Трибун, прислонившийся к стене, впервые заговорил; его голос переполняла ирония:
— Поправка, гражданин. Ты был преторианцем. Префект преторианцев аннулировал твое звание, как только твою самовольную отлучку связали с преступлением твоего отца. Твоего трибуна допросили, и он признался в получении денег от твоего отца. Взамен он отправил тебя из Рима по поддельному поручению. Как оказалось, он получил очень много денег. Он уже понес должное наказание за то, что якшался с врагами трона. Печать на твоем футляре — всего лишь хорошая подделка, а внутри лежит не более чем последнее письмо твоего отца…
— Благодарю тебя, Тигидий Перенн…
Темные глаза легата буравили трибуна, пока младший из мужчин не опустил взгляд на свои сапоги, признавая поражение в этом поединке воли.
— Возможно, твой отец рассчитывал, что я смогу защитить тебя… но если так, он допустил ошибку. В свете его преступления ты должен незамедлительно вернуться в Рим и предстать перед судом. Тебя отведут к главным воротам, там будет ждать твоя лошадь. Тебе приказано вернуться в Рим кратчайшей дорогой, не отклоняясь от нее ни по каким причинам. Если ты не прибудешь в преторианский лагерь в течение шести недель, начиная от сего дня, ты будешь незамедлительно лишен звания сенатора, вся твоя семья, вплоть до самых дальних родственников, будет объявлена простолюдинами, а их имущество — конфисковано. Я отправлю послание со скорым курьером, предупреждая преторианцев о твоем возвращении, и они будут ожидать твоего прибытия. Это все.
Центурион понял, что нерешительность юноши — оцепенение от шока, и, крепко ухватив Марка за плечо, вывел его из зала к ожидающему конвою. Группа прошла к главным воротам, где как раз сменялась стража, с обычной в таких случаях суматохой и шумом. Центурион оглядел этот упорядоченный хаос, затащил Марка в маленькую караулку и выгнал оттуда легионеров приказом отправляться дежурить снаружи. В скудном желтоватом свете масляных ламп мужчина казался еще массивнее, чем в ярко освещенной резиденции легата, кряжистый и грозный в объемистой броне. Марк, постепенно приходя в себя от недавнего потрясения, наконец обрел дар речи и обнаружил, что место страха теперь занял гнев.

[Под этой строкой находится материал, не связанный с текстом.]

lemma neg_semidef_lyapunovI:
  assumes F: "F \<in> carrier_mat n n" and P: "P \<in> carrier_mat n n" and P_sym: "transpose_mat P = P"
    and dissipative: "\<And>x. x \<in> carrier_vec n \<Longrightarrow> (P *\<^sub>v x) \<bullet> (F *\<^sub>v x) \<le> 0"
  shows "neg_semidef n (transpose_mat F * P + P * F)"
  unfolding neg_semidef_def
  using F P dissipative lyapunov_quadratic_form[OF F P P_sym] by auto

text \<open>N diagonal blocks of size m plus couplings between the first coordinates of the blocks:
  the shape of both the closed-loop matrix and the Lyapunov matrix.\<close>

definition block_coupled_mat :: "nat \<Rightarrow> nat \<Rightarrow> (nat \<Rightarrow> 'a mat) \<Rightarrow> (nat \<Rightarrow> nat \<Rightarrow> 'a) \<Rightarrow> 'a::semiring_0 mat"
  where "block_coupled_mat m N B K = mat (m * N) (m * N) (\<lambda>(r, c).
     (if r div m = c div m then B (r div m) $$ (r mod m, c mod m) else 0)
     + (if r mod m = 0 \<and> c mod m = 0 then K (r div m) (c div m) else 0))"

lemma block_coupled_mat_carrier: "block_coupled_mat m N B K \<in> carrier_mat (m * N) (m * N)"
  by (simp add: block_coupled_mat_def)

lemma block_index_less:
  assumes "i < N" "a < m"
  shows "m * i + a < m * (N::nat)"
proof -
  have "m * i + a < m * Suc i" using assms(2) by simp
  also have "\<dots> \<le> m * N" using assms(1) by (intro mult_le_mono2) simp
  finally show ?thesis .
qed

lemma block_coupled_mat_index:
  assumes "i < N" "j < N" "a < m" "b < m"
  shows "block_coupled_mat m N B K $$ (m * i + a, m * j + b)
    = (if i = j then B i $$ (a, b) else 0) + (if a = 0 \<and> b = 0 then K i j else 0)"
  using assms by (simp add: block_coupled_mat_def block_index_less)

lemma block_coupled_mult_vec_index:
  fixes B :: "nat \<Rightarrow> 'a::comm_semiring_1 mat"
  assumes x: "x \<in> carrier_vec (m * N)" and i: "i < N" and a: "a < m"
  shows "(block_coupled_mat m N B K *\<^sub>v x) $ (m * i + a)
    = (\<Sum>b<m. B i $$ (a, b) * x $ (m * i + b)) + (if a = 0 then \<Sum>j<N. K i j * x $ (m * j) else 0)"
proof -
  have m: "0 < m" using a by simp
  have dim: "dim_row (block_coupled_mat m N B K) = m * N" "dim_col (block_coupled_mat m N B K) = m * N"
    by (simp_all add: block_coupled_mat_def)
  have "(block_coupled_mat m N B K *\<^sub>v x) $ (m * i + a)
      = (\<Sum>c<m * N. block_coupled_mat m N B K $$ (m * i + a, c) * x $ c)"
    using x block_index_less[OF i a] by (auto simp: dim scalar_prod_def atLeast0LessThan intro!: sum.cong)
  also have "\<dots> = (\<Sum>j<N. \<Sum>b<m. block_coupled_mat m N B K $$ (m * i + a, m * j + b) * x $ (m * j + b))"
    by (rule sum_lessThan_mult_blocks)
  also have "\<dots> = (\<Sum>j<N. (if i = j then \<Sum>b<m. B i $$ (a, b) * x $ (m * i + b) else 0)
      + (if a = 0 then K i j * x $ (m * j) else 0))"
  proof (rule sum.cong)
    fix j assume "j \<in> {..<N}"
    then have "(\<Sum>b<m. block_coupled_mat m N B K $$ (m * i + a, m * j + b) * x $ (m * j + b))
      = (\<Sum>b<m. (if i = j then B i $$ (a, b) * x $ (m * i + b) else 0)
          + (if a = 0 \<and> b = 0 then K i j * x $ (m * j + b) else 0))"
      using i a by (intro sum.cong) (auto simp: block_coupled_mat_index distrib_right)
    also have "\<dots> = (if i = j then \<Sum>b<m. B i $$ (a, b) * x $ (m * i + b) else 0)
        + (if a = 0 then K i j * x $ (m * j) else 0)"
      using m by (cases "i = j"; cases "a = 0") (simp_all add: sum.distrib)
    finally show "(\<Sum>b<m. block_coupled_mat m N B K $$ (m * i + a, m * j + b) * x $ (m * j + b))
      = (if i = j then \<Sum>b<m. B i $$ (a, b) * x $ (m * i + b) else 0)
        + (if a = 0 then K i j * x $ (m * j) else 0)" .
  qed simp
  also have "\<dots> = (\<Sum>b<m. B i $$ (a, b) * x $ (m * i + b)) + (if a = 0 then \<Sum>j<N. K i j * x $ (m * j) else 0)"
    using i by (simp add: sum.distrib)
  finally show ?thesis .
qed

lemma transpose_block_coupled_mat:
  assumes B_sym: "\<And>i a b. i < N \<Longrightarrow> a < m \<Longrightarrow> b < m \<Longrightarrow> B i $$ (a, b) = B i $$ (b, a)"
    and K_sym: "\<And>i j. i < N \<Longrightarrow> j < N \<Longrightarrow> K i j = K j i"
  shows "transpose_mat (block_coupled_mat m N B K) = block_coupled_mat m N B K"
proof (rule eq_matI)
  fix r c assume "r < dim_row (block_coupled_mat m N B K)" "c < dim_col (block_coupled_mat m N B K)"
  then have rc: "r < m * N" "c < m * N" by (simp_all add: block_coupled_mat_def)
  then have "0 < m" by (cases m) auto
  with rc have "r div m < N" "c div m < N" "r mod m < m" "c mod m < m"
    by (auto simp: less_mult_imp_div_less mult.commute)
  then have "B (r div m) $$ (c mod m, r mod m) = B (r div m) $$ (r mod m, c mod m)"
    and "K (c div m) (r div m) = K (r div m) (c div m)"
    using B_sym K_sym by auto
  then show "transpose_mat (block_coupled_mat m N B K) $$ (r, c) = block_coupled_mat m N B K $$ (r, c)"
    using rc by (auto simp: block_coupled_mat_def)
qed (simp_all add: block_coupled_mat_def)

— Мы пришли сюда, чтобы ты мог избить меня, как обещал? Может, позовешь своих солдат для пущего удобства?
Центурион с грохотом сбросил на стол свой шлем и нервно провел рукой по лысеющей макушке.
— Закрой рот. У нас меньше пяти минут, прежде чем сюда приведут твою лошадь, и мне пришлось подкупить конюшенного, чтобы получить хотя бы это время.